* Assignment: Could you report every line from the entries that includes the word "forall"?

* Dataset records:
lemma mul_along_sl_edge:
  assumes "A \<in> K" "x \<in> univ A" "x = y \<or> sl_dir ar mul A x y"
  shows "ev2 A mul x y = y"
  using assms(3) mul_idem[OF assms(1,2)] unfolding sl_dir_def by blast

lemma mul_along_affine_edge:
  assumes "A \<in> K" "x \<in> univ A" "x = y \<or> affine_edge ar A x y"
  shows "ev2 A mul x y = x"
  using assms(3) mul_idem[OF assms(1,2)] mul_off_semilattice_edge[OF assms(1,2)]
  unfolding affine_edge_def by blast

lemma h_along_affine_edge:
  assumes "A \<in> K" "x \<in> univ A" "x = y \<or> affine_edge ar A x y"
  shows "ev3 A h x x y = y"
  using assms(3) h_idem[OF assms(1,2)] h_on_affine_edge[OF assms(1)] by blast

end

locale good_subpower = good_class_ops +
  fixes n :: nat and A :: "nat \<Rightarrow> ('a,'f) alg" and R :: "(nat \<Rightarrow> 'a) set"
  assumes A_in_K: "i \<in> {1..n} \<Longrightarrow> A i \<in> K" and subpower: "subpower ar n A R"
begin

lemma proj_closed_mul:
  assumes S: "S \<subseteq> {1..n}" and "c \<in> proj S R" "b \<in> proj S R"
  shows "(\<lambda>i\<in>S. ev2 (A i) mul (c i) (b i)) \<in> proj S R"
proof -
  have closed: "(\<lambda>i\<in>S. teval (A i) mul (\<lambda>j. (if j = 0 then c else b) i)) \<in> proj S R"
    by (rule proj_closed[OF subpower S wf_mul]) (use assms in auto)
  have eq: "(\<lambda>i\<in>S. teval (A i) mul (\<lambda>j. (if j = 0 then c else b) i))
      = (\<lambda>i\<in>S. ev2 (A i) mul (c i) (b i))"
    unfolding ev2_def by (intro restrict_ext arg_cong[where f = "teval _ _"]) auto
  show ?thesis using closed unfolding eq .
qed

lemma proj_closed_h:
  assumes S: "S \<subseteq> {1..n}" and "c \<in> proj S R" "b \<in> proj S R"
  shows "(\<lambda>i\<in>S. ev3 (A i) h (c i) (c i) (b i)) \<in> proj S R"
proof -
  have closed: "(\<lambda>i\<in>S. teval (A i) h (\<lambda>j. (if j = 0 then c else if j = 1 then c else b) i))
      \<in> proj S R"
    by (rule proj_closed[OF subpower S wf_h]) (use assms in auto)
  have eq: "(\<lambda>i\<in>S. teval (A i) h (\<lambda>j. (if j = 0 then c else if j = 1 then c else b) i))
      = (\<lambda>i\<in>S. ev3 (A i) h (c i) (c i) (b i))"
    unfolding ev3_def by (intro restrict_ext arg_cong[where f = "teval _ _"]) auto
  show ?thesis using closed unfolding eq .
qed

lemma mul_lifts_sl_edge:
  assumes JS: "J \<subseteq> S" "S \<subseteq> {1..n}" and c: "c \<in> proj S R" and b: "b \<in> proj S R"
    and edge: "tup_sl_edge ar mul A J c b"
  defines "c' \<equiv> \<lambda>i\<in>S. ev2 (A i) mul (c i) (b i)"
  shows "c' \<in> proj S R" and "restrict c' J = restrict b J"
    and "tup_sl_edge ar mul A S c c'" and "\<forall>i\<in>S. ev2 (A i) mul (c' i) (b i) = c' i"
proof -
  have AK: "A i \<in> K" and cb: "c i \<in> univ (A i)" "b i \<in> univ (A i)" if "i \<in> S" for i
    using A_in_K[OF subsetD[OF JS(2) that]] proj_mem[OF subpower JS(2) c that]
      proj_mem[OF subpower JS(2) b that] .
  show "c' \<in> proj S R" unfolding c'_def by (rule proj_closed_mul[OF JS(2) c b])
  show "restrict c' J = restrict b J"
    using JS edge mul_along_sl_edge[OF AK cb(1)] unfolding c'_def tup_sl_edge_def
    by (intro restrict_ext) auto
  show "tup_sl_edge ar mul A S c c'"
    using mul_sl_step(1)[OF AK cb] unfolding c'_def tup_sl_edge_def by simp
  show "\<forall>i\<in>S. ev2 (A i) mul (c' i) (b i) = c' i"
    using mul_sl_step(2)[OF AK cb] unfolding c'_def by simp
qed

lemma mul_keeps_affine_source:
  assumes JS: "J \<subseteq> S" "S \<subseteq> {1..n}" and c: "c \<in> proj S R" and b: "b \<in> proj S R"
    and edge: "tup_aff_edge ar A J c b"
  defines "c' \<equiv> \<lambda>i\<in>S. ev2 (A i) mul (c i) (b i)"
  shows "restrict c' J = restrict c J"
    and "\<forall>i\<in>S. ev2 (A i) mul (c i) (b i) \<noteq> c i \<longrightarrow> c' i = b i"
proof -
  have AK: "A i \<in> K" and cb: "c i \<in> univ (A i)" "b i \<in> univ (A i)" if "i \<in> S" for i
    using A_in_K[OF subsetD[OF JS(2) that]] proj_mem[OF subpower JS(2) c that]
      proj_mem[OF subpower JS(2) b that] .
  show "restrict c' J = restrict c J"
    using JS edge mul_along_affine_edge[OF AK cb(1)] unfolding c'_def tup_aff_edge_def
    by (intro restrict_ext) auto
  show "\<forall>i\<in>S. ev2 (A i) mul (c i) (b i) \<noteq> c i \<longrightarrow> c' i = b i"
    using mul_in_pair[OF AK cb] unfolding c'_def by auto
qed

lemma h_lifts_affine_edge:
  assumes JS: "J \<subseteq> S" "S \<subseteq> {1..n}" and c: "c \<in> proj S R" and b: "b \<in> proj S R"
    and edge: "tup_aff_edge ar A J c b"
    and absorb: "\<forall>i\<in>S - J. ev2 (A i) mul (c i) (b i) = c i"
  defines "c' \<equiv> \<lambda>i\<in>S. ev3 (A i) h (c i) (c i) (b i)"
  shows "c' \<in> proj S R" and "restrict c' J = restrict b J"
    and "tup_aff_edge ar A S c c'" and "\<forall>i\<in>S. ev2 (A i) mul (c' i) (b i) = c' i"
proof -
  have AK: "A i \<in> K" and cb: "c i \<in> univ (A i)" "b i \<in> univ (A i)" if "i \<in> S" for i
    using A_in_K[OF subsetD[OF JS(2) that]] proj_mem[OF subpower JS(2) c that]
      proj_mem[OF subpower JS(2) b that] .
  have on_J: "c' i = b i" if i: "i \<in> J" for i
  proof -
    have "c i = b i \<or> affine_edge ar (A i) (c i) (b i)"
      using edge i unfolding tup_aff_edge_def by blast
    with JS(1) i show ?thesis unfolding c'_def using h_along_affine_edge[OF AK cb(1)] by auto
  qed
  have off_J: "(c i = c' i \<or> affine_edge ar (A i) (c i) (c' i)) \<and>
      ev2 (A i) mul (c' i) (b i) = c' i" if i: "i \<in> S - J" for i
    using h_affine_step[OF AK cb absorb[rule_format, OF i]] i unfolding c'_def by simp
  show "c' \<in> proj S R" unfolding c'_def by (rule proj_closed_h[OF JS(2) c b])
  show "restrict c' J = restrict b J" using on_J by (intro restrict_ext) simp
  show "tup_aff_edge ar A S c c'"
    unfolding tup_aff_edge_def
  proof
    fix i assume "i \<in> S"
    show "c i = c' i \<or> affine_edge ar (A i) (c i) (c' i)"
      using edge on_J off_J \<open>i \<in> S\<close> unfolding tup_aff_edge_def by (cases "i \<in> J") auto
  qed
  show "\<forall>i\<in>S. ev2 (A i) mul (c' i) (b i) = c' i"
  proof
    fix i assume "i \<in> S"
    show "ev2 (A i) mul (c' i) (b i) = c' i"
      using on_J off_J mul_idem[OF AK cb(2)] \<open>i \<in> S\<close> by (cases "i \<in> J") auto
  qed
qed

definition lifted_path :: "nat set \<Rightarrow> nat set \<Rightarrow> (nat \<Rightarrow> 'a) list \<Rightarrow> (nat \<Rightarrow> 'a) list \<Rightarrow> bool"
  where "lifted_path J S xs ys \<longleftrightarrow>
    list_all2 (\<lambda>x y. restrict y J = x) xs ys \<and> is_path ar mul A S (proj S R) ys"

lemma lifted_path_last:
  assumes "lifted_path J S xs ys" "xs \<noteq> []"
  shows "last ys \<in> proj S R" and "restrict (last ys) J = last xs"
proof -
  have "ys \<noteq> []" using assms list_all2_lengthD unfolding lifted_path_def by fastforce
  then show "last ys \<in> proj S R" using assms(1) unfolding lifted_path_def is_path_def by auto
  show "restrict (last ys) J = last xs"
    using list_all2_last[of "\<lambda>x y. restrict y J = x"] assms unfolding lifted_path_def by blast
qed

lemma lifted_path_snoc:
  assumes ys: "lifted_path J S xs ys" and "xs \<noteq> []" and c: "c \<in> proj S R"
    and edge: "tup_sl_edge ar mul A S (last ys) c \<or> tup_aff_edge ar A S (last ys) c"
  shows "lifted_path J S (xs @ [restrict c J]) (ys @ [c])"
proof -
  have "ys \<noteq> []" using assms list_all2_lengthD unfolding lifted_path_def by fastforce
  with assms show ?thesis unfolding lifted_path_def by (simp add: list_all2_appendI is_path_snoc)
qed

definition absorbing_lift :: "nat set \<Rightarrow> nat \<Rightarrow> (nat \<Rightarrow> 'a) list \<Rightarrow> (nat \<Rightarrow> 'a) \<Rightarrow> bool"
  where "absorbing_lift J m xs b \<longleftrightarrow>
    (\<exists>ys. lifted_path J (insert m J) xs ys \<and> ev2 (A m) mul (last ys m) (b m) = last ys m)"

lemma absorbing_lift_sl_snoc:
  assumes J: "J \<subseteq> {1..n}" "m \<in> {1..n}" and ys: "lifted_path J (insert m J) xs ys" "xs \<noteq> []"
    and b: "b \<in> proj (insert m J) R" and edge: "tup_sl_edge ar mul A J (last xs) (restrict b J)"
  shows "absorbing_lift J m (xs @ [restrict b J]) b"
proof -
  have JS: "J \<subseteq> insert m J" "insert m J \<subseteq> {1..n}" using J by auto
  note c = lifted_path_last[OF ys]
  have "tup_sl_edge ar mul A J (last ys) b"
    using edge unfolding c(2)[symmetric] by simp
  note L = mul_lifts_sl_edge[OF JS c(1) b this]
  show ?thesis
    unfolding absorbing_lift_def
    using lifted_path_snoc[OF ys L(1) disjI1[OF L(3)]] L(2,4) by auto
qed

* Output for this exercise:
    and "tup_sl_edge ar mul A S c c'" and "\<forall>i\<in>S. ev2 (A i) mul (c' i) (b i) = c' i"
  show "\<forall>i\<in>S. ev2 (A i) mul (c' i) (b i) = c' i"
    and "\<forall>i\<in>S. ev2 (A i) mul (c i) (b i) \<noteq> c i \<longrightarrow> c' i = b i"
  show "\<forall>i\<in>S. ev2 (A i) mul (c i) (b i) \<noteq> c i \<longrightarrow> c' i = b i"
    and absorb: "\<forall>i\<in>S - J. ev2 (A i) mul (c i) (b i) = c i"
    and "tup_aff_edge ar A S c c'" and "\<forall>i\<in>S. ev2 (A i) mul (c' i) (b i) = c' i"
  show "\<forall>i\<in>S. ev2 (A i) mul (c' i) (b i) = c' i"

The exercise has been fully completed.